EXERCISE INSTRUCTIONS
Would you please return the lines of the material that contain the word "condition"?

SOURCE RECORDS
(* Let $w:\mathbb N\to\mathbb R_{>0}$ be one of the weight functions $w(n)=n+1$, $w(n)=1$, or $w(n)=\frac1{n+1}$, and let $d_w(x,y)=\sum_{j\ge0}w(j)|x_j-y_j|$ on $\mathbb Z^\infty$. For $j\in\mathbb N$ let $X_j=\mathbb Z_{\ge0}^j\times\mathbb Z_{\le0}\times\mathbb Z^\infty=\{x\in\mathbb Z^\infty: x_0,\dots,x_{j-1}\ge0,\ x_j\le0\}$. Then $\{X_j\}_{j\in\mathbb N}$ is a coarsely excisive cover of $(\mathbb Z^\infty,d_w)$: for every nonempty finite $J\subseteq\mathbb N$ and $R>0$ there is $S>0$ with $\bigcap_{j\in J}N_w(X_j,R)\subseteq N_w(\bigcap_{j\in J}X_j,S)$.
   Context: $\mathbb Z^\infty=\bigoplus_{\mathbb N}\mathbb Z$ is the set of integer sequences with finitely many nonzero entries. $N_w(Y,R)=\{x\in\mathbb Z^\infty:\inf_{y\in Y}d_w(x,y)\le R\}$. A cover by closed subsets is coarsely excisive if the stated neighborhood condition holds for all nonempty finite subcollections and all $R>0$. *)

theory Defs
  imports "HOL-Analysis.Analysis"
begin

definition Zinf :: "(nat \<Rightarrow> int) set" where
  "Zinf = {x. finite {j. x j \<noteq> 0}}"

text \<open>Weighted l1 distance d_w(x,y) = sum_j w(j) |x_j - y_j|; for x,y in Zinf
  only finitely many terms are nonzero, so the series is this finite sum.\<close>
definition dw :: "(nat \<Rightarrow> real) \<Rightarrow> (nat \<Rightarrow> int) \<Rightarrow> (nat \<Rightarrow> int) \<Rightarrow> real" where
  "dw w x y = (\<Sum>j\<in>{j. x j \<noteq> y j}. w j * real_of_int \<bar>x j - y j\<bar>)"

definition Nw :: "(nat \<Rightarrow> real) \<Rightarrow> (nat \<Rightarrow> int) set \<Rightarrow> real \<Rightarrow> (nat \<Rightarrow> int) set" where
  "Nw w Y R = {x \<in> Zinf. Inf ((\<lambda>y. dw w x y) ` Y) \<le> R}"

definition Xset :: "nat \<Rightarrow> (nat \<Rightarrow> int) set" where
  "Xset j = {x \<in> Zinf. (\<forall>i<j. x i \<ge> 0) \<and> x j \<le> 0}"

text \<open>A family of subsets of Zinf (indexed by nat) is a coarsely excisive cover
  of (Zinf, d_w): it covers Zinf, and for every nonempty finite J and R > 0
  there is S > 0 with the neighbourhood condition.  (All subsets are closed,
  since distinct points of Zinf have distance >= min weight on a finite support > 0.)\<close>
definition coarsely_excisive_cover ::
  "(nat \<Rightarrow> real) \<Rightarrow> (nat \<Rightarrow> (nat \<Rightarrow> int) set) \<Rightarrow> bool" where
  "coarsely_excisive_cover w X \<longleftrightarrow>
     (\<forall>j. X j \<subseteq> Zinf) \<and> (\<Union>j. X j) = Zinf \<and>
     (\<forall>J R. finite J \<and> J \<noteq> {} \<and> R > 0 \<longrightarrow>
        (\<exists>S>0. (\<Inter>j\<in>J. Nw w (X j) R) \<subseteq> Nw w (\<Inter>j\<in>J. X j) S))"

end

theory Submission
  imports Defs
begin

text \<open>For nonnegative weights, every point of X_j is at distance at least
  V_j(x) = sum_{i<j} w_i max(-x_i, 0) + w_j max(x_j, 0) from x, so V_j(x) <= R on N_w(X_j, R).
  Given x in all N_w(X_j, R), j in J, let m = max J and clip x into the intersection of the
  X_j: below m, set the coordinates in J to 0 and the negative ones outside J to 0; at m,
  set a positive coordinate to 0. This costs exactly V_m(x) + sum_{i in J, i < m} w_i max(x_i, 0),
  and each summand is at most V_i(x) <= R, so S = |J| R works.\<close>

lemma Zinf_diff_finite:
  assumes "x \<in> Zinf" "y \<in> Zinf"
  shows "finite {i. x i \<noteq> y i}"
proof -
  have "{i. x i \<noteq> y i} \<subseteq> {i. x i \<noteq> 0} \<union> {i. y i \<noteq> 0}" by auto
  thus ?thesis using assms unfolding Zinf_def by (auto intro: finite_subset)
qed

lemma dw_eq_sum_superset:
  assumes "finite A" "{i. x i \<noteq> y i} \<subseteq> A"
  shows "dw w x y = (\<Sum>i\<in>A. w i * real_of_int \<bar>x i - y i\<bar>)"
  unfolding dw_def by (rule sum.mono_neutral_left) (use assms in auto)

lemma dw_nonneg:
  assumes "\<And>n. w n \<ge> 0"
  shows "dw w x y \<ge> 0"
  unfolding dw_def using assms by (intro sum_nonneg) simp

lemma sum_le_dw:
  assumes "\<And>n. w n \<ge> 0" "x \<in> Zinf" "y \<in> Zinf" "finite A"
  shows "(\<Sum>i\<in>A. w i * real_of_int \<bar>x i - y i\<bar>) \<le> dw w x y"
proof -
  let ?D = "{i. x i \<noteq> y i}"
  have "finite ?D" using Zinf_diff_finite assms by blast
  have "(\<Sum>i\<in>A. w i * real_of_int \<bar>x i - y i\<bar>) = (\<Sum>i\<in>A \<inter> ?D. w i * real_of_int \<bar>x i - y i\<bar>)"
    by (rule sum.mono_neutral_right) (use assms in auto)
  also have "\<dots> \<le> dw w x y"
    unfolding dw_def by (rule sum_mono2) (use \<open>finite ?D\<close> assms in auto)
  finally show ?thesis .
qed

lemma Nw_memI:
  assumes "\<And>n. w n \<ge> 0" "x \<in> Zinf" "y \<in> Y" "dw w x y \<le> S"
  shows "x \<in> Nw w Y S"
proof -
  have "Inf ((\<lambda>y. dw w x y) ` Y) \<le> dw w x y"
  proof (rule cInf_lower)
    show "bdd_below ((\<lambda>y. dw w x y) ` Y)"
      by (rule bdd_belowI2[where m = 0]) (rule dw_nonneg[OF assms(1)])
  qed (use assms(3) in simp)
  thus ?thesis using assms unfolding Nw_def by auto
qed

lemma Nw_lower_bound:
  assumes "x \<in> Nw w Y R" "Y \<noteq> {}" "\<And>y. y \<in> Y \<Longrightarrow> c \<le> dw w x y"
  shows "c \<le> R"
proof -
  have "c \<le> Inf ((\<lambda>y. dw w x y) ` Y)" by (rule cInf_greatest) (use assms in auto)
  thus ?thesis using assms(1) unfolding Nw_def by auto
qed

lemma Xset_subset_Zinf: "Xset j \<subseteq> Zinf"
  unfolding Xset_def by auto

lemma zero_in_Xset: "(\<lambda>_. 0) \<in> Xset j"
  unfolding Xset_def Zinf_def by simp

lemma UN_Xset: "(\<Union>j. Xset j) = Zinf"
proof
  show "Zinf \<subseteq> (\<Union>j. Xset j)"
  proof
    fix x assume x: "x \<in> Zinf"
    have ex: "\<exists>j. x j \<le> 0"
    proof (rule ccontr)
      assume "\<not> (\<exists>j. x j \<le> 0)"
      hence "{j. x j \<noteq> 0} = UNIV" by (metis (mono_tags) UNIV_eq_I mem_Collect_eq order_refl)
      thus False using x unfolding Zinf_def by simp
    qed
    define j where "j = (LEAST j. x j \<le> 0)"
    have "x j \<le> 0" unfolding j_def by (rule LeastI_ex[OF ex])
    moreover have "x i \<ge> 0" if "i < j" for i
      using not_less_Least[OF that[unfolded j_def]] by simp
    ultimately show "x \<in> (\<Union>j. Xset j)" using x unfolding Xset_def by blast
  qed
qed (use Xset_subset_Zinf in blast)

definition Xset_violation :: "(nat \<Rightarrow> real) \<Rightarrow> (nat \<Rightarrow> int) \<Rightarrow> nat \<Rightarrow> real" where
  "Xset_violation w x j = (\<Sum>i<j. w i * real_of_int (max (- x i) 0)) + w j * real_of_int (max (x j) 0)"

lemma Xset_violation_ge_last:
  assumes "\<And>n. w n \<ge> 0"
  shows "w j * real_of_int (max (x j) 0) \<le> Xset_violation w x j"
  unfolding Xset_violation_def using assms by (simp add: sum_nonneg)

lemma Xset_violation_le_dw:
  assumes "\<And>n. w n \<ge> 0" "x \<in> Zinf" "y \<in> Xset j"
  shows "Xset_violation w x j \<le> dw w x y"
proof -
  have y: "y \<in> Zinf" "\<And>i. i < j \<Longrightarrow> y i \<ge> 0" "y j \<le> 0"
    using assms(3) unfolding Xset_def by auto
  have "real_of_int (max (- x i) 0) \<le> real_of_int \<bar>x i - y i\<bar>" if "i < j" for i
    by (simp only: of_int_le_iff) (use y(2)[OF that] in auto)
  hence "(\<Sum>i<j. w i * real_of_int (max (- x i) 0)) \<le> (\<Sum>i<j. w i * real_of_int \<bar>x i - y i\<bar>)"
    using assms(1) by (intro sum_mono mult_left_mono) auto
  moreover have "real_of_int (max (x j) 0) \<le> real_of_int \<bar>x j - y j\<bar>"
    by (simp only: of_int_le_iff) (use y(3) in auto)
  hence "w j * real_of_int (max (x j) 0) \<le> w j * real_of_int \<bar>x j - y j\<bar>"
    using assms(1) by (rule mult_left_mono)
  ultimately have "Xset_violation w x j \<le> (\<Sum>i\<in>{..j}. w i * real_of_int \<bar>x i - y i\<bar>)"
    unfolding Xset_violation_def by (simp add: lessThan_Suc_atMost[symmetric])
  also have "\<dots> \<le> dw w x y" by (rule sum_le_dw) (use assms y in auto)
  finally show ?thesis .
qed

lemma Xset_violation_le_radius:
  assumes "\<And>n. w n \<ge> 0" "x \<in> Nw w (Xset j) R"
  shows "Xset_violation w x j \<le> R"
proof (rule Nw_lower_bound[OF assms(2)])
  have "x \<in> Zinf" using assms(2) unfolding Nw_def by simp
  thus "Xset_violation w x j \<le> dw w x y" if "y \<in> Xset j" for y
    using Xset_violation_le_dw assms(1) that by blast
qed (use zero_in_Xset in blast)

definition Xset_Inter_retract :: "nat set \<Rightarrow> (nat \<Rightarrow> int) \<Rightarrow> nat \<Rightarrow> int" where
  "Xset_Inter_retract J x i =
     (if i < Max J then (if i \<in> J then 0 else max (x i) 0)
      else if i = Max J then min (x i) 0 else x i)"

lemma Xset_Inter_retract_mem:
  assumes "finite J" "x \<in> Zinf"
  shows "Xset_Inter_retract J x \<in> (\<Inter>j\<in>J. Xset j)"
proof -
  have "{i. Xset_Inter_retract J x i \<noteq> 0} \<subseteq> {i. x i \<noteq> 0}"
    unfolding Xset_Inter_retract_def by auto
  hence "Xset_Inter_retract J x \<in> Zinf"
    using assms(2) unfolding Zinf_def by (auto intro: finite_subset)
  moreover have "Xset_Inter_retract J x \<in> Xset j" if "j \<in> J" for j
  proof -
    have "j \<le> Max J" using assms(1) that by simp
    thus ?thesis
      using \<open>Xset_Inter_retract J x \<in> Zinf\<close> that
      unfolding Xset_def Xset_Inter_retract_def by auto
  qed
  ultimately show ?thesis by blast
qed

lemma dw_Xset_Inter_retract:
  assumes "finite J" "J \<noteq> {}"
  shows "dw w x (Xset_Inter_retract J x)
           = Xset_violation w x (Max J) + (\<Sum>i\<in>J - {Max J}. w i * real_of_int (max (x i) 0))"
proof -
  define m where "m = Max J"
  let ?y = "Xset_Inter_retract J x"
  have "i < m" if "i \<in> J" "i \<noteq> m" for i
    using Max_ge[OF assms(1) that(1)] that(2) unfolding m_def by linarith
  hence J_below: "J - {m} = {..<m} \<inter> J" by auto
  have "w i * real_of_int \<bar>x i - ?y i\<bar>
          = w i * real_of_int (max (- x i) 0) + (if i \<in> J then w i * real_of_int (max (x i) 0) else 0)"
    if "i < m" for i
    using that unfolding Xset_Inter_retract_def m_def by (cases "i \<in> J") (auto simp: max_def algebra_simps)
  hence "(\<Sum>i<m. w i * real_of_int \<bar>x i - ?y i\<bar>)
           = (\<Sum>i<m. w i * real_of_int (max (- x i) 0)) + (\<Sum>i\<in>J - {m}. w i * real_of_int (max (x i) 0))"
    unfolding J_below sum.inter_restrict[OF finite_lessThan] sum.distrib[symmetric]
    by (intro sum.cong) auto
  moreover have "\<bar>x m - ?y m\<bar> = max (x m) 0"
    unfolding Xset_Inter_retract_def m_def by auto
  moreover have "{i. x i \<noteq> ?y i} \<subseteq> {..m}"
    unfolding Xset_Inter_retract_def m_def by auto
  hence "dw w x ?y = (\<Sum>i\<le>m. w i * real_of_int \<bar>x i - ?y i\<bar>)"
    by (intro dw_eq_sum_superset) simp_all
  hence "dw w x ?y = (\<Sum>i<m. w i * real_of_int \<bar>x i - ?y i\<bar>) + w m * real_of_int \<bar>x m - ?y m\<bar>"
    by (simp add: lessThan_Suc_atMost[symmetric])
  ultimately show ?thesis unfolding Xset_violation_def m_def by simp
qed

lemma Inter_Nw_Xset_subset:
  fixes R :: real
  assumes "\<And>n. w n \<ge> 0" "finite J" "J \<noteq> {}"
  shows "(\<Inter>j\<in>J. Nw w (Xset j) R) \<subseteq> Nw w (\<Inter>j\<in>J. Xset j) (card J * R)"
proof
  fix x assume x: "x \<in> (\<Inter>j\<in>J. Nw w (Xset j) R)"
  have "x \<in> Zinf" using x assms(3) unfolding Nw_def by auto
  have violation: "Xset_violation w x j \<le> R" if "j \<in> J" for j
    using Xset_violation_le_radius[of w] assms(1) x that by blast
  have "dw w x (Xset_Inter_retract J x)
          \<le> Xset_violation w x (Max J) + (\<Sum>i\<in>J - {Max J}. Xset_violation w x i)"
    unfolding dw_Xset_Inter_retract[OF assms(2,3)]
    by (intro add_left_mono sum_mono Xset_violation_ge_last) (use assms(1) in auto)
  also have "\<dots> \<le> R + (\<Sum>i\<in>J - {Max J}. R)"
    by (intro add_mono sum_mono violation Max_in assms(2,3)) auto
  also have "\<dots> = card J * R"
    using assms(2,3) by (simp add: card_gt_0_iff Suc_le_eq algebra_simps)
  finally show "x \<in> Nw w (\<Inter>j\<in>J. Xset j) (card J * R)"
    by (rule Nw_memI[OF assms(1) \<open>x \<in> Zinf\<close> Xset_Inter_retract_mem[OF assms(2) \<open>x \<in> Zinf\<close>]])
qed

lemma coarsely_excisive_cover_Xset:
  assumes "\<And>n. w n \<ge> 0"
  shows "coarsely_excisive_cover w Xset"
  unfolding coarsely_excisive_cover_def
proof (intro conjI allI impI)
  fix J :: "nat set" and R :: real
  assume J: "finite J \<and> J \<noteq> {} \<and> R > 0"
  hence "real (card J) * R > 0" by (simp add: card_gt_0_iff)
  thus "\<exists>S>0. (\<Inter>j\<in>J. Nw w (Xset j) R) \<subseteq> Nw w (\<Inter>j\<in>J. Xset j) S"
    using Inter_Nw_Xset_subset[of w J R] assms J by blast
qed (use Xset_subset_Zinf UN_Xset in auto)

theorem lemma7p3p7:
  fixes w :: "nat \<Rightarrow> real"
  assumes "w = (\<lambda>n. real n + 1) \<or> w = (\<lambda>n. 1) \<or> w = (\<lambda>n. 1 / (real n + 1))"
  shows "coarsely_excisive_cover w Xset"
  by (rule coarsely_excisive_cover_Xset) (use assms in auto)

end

ANSWER BOX
   Context: $\mathbb Z^\infty=\bigoplus_{\mathbb N}\mathbb Z$ is the set of integer sequences with finitely many nonzero entries. $N_w(Y,R)=\{x\in\mathbb Z^\infty:\inf_{y\in Y}d_w(x,y)\le R\}$. A cover by closed subsets is coarsely excisive if the stated neighborhood condition holds for all nonempty finite subcollections and all $R>0$. *)
  there is S > 0 with the neighbourhood condition.  (All subsets are closed,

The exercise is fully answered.